Aim of the task: Please write out exactly the lines of the data below from the line holding "s) + \<theta>^2/2" through the line holding "Q b :: real", and leave out the rest.

Data shown:
☆ ☆ ☆ ☆ ☆
text \<open>Compare the tail of the exponential series termwise with a geometric series of ratio \<open>x/3\<close>.\<close>
lemma exp_le_bernstein:
  fixes x :: real
  assumes "0 \<le> x" "x < 3"
  shows "exp x \<le> 1 + x + bernstein_psi x"
proof -
  have "(\<lambda>n. x^n / fact n) sums exp x"
    using exp_converges[of x] by (simp add: divide_inverse_commute scaleR_conv_of_real mult.commute)
  then have tail: "(\<lambda>n. x^(n+2) / fact (n+2)) sums (exp x - (1 + x))"
    by (subst sums_iff_shift) (simp add: numeral_2_eq_2)
  have geom: "(\<lambda>n. x^2/2 * (x/3)^n) sums (x^2/2 * (1 / (1 - x/3)))"
    using assms by (intro sums_mult geometric_sums) auto
  have "x^(n+2) / fact (n+2) \<le> x^2/2 * (x/3)^n" for n
  proof -
    have "x^(n+2) / fact (n+2) \<le> x^(n+2) / (2 * 3^n)"
      using two_mult_three_pow_le_fact[of n] assms by (intro divide_left_mono) auto
    also have "\<dots> = x^2/2 * (x/3)^n"
      by (simp add: power_add power_divide power2_eq_square)
    finally show ?thesis .
  qed
  from sums_le[OF this tail geom] show ?thesis by (simp add: bernstein_psi_def)
qed

lemma exp_le_quadratic_of_nonpos:
  fixes x :: real
  assumes "x \<le> 0"
  shows "exp x \<le> 1 + x + x^2 / 2"
proof -
  have "1 + 0 + 0^2/2 - exp 0 \<le> 1 + x + x^2/2 - exp x"
  proof (rule DERIV_nonpos_imp_nonincreasing[OF assms])
    fix y :: real
    have "((\<lambda>y. 1 + y + y^2/2 - exp y) has_real_derivative (1 + y - exp y)) (at y)"
      by (auto intro!: derivative_eq_intros)
    then show "\<exists>d. ((\<lambda>y. 1 + y + y^2/2 - exp y) has_real_derivative d) (at y) \<and> d \<le> 0"
      using exp_ge_add_one_self[of y] by (intro exI[of _ "1 + y - exp y"]) auto
  qed
  then show ?thesis by simp
qed

lemma mult_one_minus_pow_le:
  fixes p :: real
  assumes "0 \<le> p" "p \<le> 1" "n \<ge> 1"
  shows "p * (1 - p) ^ n \<le> 1 / (exp 1 * n)"
proof -
  have "(1 - p) ^ n \<le> exp (-p) ^ n"
    using assms exp_ge_add_one_self[of "-p"] by (intro power_mono) auto
  also have "\<dots> = exp (- (n * p))"
    by (simp add: exp_of_nat_mult[symmetric])
  finally have "p * (1 - p) ^ n \<le> p * exp (- (n * p))"
    using assms by (intro mult_left_mono) auto
  also have "n * p * exp (- (n * p)) \<le> exp (n * p - 1) * exp (- (n * p))"
    using exp_ge_add_one_self[of "n * p - 1"] by (intro mult_right_mono) auto
  then have "p * exp (- (n * p)) \<le> exp (-1) / n"
    using assms by (simp add: field_simps flip: exp_add)
  finally show ?thesis
    by (simp add: exp_minus field_simps)
qed

lemma one_minus_pow_mult_le_one:
  fixes p :: real
  assumes "0 \<le> p" "p \<le> 1"
  shows "(1 - p) ^ n * (1 + n * p) \<le> 1"
proof -
  have "(1 - p) ^ n * (1 + n * p) \<le> (1 - p) ^ n * (1 + p) ^ n"
    using Bernoulli_inequality[of p n] assms by (intro mult_left_mono) auto
  also have "\<dots> = (1 - p^2) ^ n"
    by (simp add: power_mult_distrib[symmetric] algebra_simps power2_eq_square)
  also have "\<dots> \<le> 1"
    using assms by (intro power_le_one) (auto simp: power_le_one)
  finally show ?thesis .
qed

lemma bernstein_psi_ge: "0 \<le> \<theta> \<Longrightarrow> \<theta> < 3 \<Longrightarrow> \<theta>^2 / 2 \<le> bernstein_psi \<theta>"
  by (auto simp: bernstein_psi_def field_simps)

lemma bernstein_psi_scale:
  assumes "0 \<le> \<theta>" "\<theta> < 3" "1 \<le> s"
  shows "bernstein_psi (\<theta> / s) \<le> bernstein_psi \<theta> / s^2"
proof -
  have "\<theta> / s \<le> \<theta>"
    using assms mult_left_mono[of 1 s \<theta>] by (simp add: field_simps)
  then have "(\<theta>/s)^2 / (2 * (1 - (\<theta>/s)/3)) \<le> (\<theta>/s)^2 / (2 * (1 - \<theta>/3))"
    using assms by (intro divide_left_mono mult_pos_pos) auto
  then show ?thesis
    by (simp add: bernstein_psi_def power_divide mult.commute)
qed

text \<open>For the set \<open>S \<subseteq> {1..m+1}\<close> of selections activating a node, this is
  \<open>U\<^sub>m - m/(m+1) U\<^sub>m\<^sub>+\<^sub>1\<close>; summed over all nodes it gives \<open>m (R\<^sub>m - R\<^sub>m\<^sub>+\<^sub>1)\<close>.\<close>
definition gt_drop :: "nat \<Rightarrow> nat set \<Rightarrow> real" where
  "gt_drop m S = (if card (S - {Suc m}) = 1 then 1 else 0)
     - real m / real (Suc m) * (if card S = 1 then 1 else 0)"

lemma gt_drop_eq_zero:
  assumes S: "S \<subseteq> {1..Suc m}"
    and "\<not>(\<exists>j\<in>{1..m}. S = {j})" "\<not>(\<exists>j\<in>{1..m}. S = {j, Suc m})" "S \<noteq> {Suc m}"
  shows "gt_drop m S = 0"
proof -
  have "card S \<noteq> 1"
  proof
    assume "card S = 1"
    then obtain j where "S = {j}"
      by (auto simp: card_Suc_eq)
    then show False
      using assms by (cases "j = Suc m") auto
  qed
  moreover have "card (S - {Suc m}) \<noteq> 1"
  proof
    assume "card (S - {Suc m}) = 1"
    then obtain j where j: "S - {Suc m} = {j}"
      by (auto simp: card_Suc_eq)
    then have "j \<in> S" "j \<noteq> Suc m"
      by auto
    then have "j \<in> {1..m}"
      using S by auto
    moreover have "S = {j} \<or> S = {j, Suc m}"
      using j by auto
    ultimately show False
      using assms by auto
  qed
  ultimately show ?thesis
    by (simp add: gt_drop_def)
qed

lemma exp_gt_drop:
  assumes S: "S \<subseteq> {1..Suc m}"
  shows "exp (\<theta> * gt_drop m S) = 1
     + (exp (\<theta> / Suc m) - 1) * (if \<exists>j\<in>{1..m}. S = {j} then 1 else 0)
     + (exp \<theta> - 1) * (if \<exists>j\<in>{1..m}. S = {j, Suc m} then 1 else 0)
     + (exp (- \<theta> * m / Suc m) - 1) * (if S = {Suc m} then 1 else 0)"
proof -
  consider (early) j where "j \<in> {1..m}" "S = {j}"
    | (both) j where "j \<in> {1..m}" "S = {j, Suc m}"
    | (last) "S = {Suc m}"
    | (none) "\<not>(\<exists>j\<in>{1..m}. S = {j})" "\<not>(\<exists>j\<in>{1..m}. S = {j, Suc m})" "S \<noteq> {Suc m}"
    by blast
  then show ?thesis
  proof cases
    case early
    then have "gt_drop m S = 1 / Suc m" "\<not>(\<exists>j\<in>{1..m}. S = {j, Suc m})" "S \<noteq> {Suc m}"
      by (auto simp: gt_drop_def field_simps)
    then show ?thesis
      using early by auto
  next
    case both
    then have "S - {Suc m} = {j}" "card S = 2"
      by auto
    then have "gt_drop m S = 1"
      by (simp add: gt_drop_def)
    moreover have "\<not>(\<exists>j\<in>{1..m}. S = {j})" "S \<noteq> {Suc m}"
      using both by (auto simp: doubleton_eq_iff)
    ultimately show ?thesis
      using both by auto
  next
    case last
    then show ?thesis
      by (auto simp: gt_drop_def)
  next
    case none
    then show ?thesis
      by (simp add: gt_drop_eq_zero[OF S])
  qed
qed

text \<open>The moment generating function of \<open>gt_drop m\<close> when the \<open>m + 1\<close> selections
  activate the node independently with probability \<open>p\<close>; the three correction terms belong to
  the activation patterns \<open>{j}\<close>, \<open>{j, m+1}\<close> (\<open>j \<le> m\<close>) and \<open>{m+1}\<close>.\<close>
definition drop_mgf :: "nat \<Rightarrow> real \<Rightarrow> real \<Rightarrow> real" where
  "drop_mgf m \<theta> p = 1 + (exp (\<theta> / Suc m) - 1) * (m * p * (1 - p) ^ m)
     + (exp \<theta> - 1) * (m * p^2 * (1 - p) ^ (m - 1))
     + (exp (- \<theta> * m / Suc m) - 1) * (p * (1 - p) ^ m)"

lemma drop_mgf_zero [simp]: "drop_mgf m \<theta> 0 = 1"
  by (simp add: drop_mgf_def)

lemma drop_mgf_le_moments:
  fixes p \<theta> :: real and m :: nat
  assumes p: "0 \<le> p" "p \<le> 1" and \<theta>: "0 \<le> \<theta>" "\<theta> < 3"
  defines "q \<equiv> 1 - p" and "s \<equiv> real (Suc m)"
  shows "drop_mgf m \<theta> p \<le> 1 + \<theta> * (m * p^2 * q ^ (m - 1))
           + bernstein_psi \<theta> * (m * p^2 * q ^ (m - 1) + m * p * q ^ m / s)"
proof -
  let ?\<psi> = "bernstein_psi \<theta>"
  have s: "1 \<le> s" "s = m + 1"
    by (simp_all add: s_def)
  have "exp (\<theta> / s) \<le> 1 + \<theta> / s + bernstein_psi (\<theta> / s)"
    using \<theta> s by (intro exp_le_bernstein) (auto simp: field_simps)
  then have "exp (\<theta> / s) - 1 \<le> \<theta> / s + ?\<psi> / s^2"
    using bernstein_psi_scale[OF \<theta> s(1)] by linarith
  moreover have "exp \<theta> - 1 \<le> \<theta> + ?\<psi>"
    using exp_le_bernstein[OF \<theta>] by simp
  moreover have "exp (- \<theta> * m / s) - 1 \<le> - \<theta> * m / s + ?\<psi> * m^2 / s^2"
  proof -
    have "exp (- \<theta> * m / s) \<le> 1 + (- \<theta> * m / s) + \<theta>^2/2 * m^2/s^2"
      using exp_le_quadratic_of_nonpos[of "- \<theta> * m / s"] \<theta> s
      by (simp add: power_divide power_mult_distrib)
    also have "\<theta>^2/2 * m^2/s^2 \<le> ?\<psi> * m^2/s^2"
      using bernstein_psi_ge[OF \<theta>] by (intro divide_right_mono mult_right_mono) auto
    finally show ?thesis by simp
  qed
  moreover have "0 \<le> m * p * q ^ m" "0 \<le> m * p^2 * q ^ (m - 1)" "0 \<le> p * q ^ m"
    using p by (auto simp: q_def)
  ultimately have "drop_mgf m \<theta> p \<le> 1 + (\<theta> / s + ?\<psi> / s^2) * (m * p * q ^ m)
      + (\<theta> + ?\<psi>) * (m * p^2 * q ^ (m - 1)) + (- \<theta> * m / s + ?\<psi> * m^2 / s^2) * (p * q ^ m)"
    unfolding drop_mgf_def q_def[symmetric] s_def[symmetric]
    by (intro add_mono mult_right_mono) auto
  also have "\<dots> = 1 + \<theta> * (m * p^2 * q ^ (m - 1)) + ?\<psi> * (m * p^2 * q ^ (m - 1) + m * p * q ^ m / s)"
  proof -
    have "1 + (\<theta>/t + ?\<psi>/t^2) * ((t-1)*p*Q) + (\<theta>+?\<psi>) * b + (-\<theta>*(t-1)/t + ?\<psi>*(t-1)^2/t^2) * (p*Q)
        = 1 + \<theta> * b + ?\<psi> * (b + (t-1)*p*Q/t)" if "t \<noteq> 0" for t Q b :: real
      using that by (simp add: field_simps power2_eq_square)
    from this[of s "q ^ m" "m * p^2 * q ^ (m - 1)"] show ?thesis
      using s by simp
  qed
  finally show ?thesis .
qed

lemma drop_mean_le:
  fixes p :: real
  assumes "0 \<le> p" "p \<le> 1" "m \<ge> 2"
  shows "m * p^2 * (1 - p) ^ (m - 1) \<le> p * m / (exp 1 * (real m - 1))"
proof -
  have "p * (1 - p) ^ (m - 1) \<le> 1 / (exp 1 * (real m - 1))"
    using mult_one_minus_pow_le[of p "m - 1"] assms by (simp add: of_nat_diff)
  then have "m * p * (p * (1 - p) ^ (m - 1)) \<le> m * p * (1 / (exp 1 * (real m - 1)))"
    using assms by (intro mult_left_mono) auto
  then show ?thesis
    using assms by (simp add: power2_eq_square mult_ac of_nat_diff)
qed

lemma drop_second_moment_le:
  fixes p :: real
  assumes p: "0 \<le> p" "p \<le> 1" and "m \<ge> 1"
  shows "m * p^2 * (1 - p) ^ (m - 1) + m * p * (1 - p) ^ m / Suc m \<le> p"
proof -
  have "m * p * (1 - p) ^ m / Suc m \<le> p * (1 - p) ^ m"
    using p by (simp add: field_simps mult_right_mono)
  moreover have "m * p^2 * (1 - p) ^ (m - 1) + p * (1 - p) ^ m
      = p * ((1 - p) ^ (m - 1) * (1 + (m - 1) * p))"
    using \<open>m \<ge> 1\<close> by (cases m) (auto simp: algebra_simps power2_eq_square)
  moreover have "p * ((1 - p) ^ (m - 1) * (1 + (m - 1) * p)) \<le> p"
    using one_minus_pow_mult_le_one[OF p, of "m - 1"] p \<open>m \<ge> 1\<close>
    by (simp add: mult_left_le of_nat_diff)
  ultimately show ?thesis
    by linarith
qed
☆ ☆ ☆ ☆ ☆
Exercise response:
    have "exp (- \<theta> * m / s) \<le> 1 + (- \<theta> * m / s) + \<theta>^2/2 * m^2/s^2"
      using exp_le_quadratic_of_nonpos[of "- \<theta> * m / s"] \<theta> s
      by (simp add: power_divide power_mult_distrib)
    also have "\<theta>^2/2 * m^2/s^2 \<le> ?\<psi> * m^2/s^2"
      using bernstein_psi_ge[OF \<theta>] by (intro divide_right_mono mult_right_mono) auto
    finally show ?thesis by simp
  qed
  moreover have "0 \<le> m * p * q ^ m" "0 \<le> m * p^2 * q ^ (m - 1)" "0 \<le> p * q ^ m"
    using p by (auto simp: q_def)
  ultimately have "drop_mgf m \<theta> p \<le> 1 + (\<theta> / s + ?\<psi> / s^2) * (m * p * q ^ m)
      + (\<theta> + ?\<psi>) * (m * p^2 * q ^ (m - 1)) + (- \<theta> * m / s + ?\<psi> * m^2 / s^2) * (p * q ^ m)"
    unfolding drop_mgf_def q_def[symmetric] s_def[symmetric]
    by (intro add_mono mult_right_mono) auto
  also have "\<dots> = 1 + \<theta> * (m * p^2 * q ^ (m - 1)) + ?\<psi> * (m * p^2 * q ^ (m - 1) + m * p * q ^ m / s)"
  proof -
    have "1 + (\<theta>/t + ?\<psi>/t^2) * ((t-1)*p*Q) + (\<theta>+?\<psi>) * b + (-\<theta>*(t-1)/t + ?\<psi>*(t-1)^2/t^2) * (p*Q)
        = 1 + \<theta> * b + ?\<psi> * (b + (t-1)*p*Q/t)" if "t \<noteq> 0" for t Q b :: real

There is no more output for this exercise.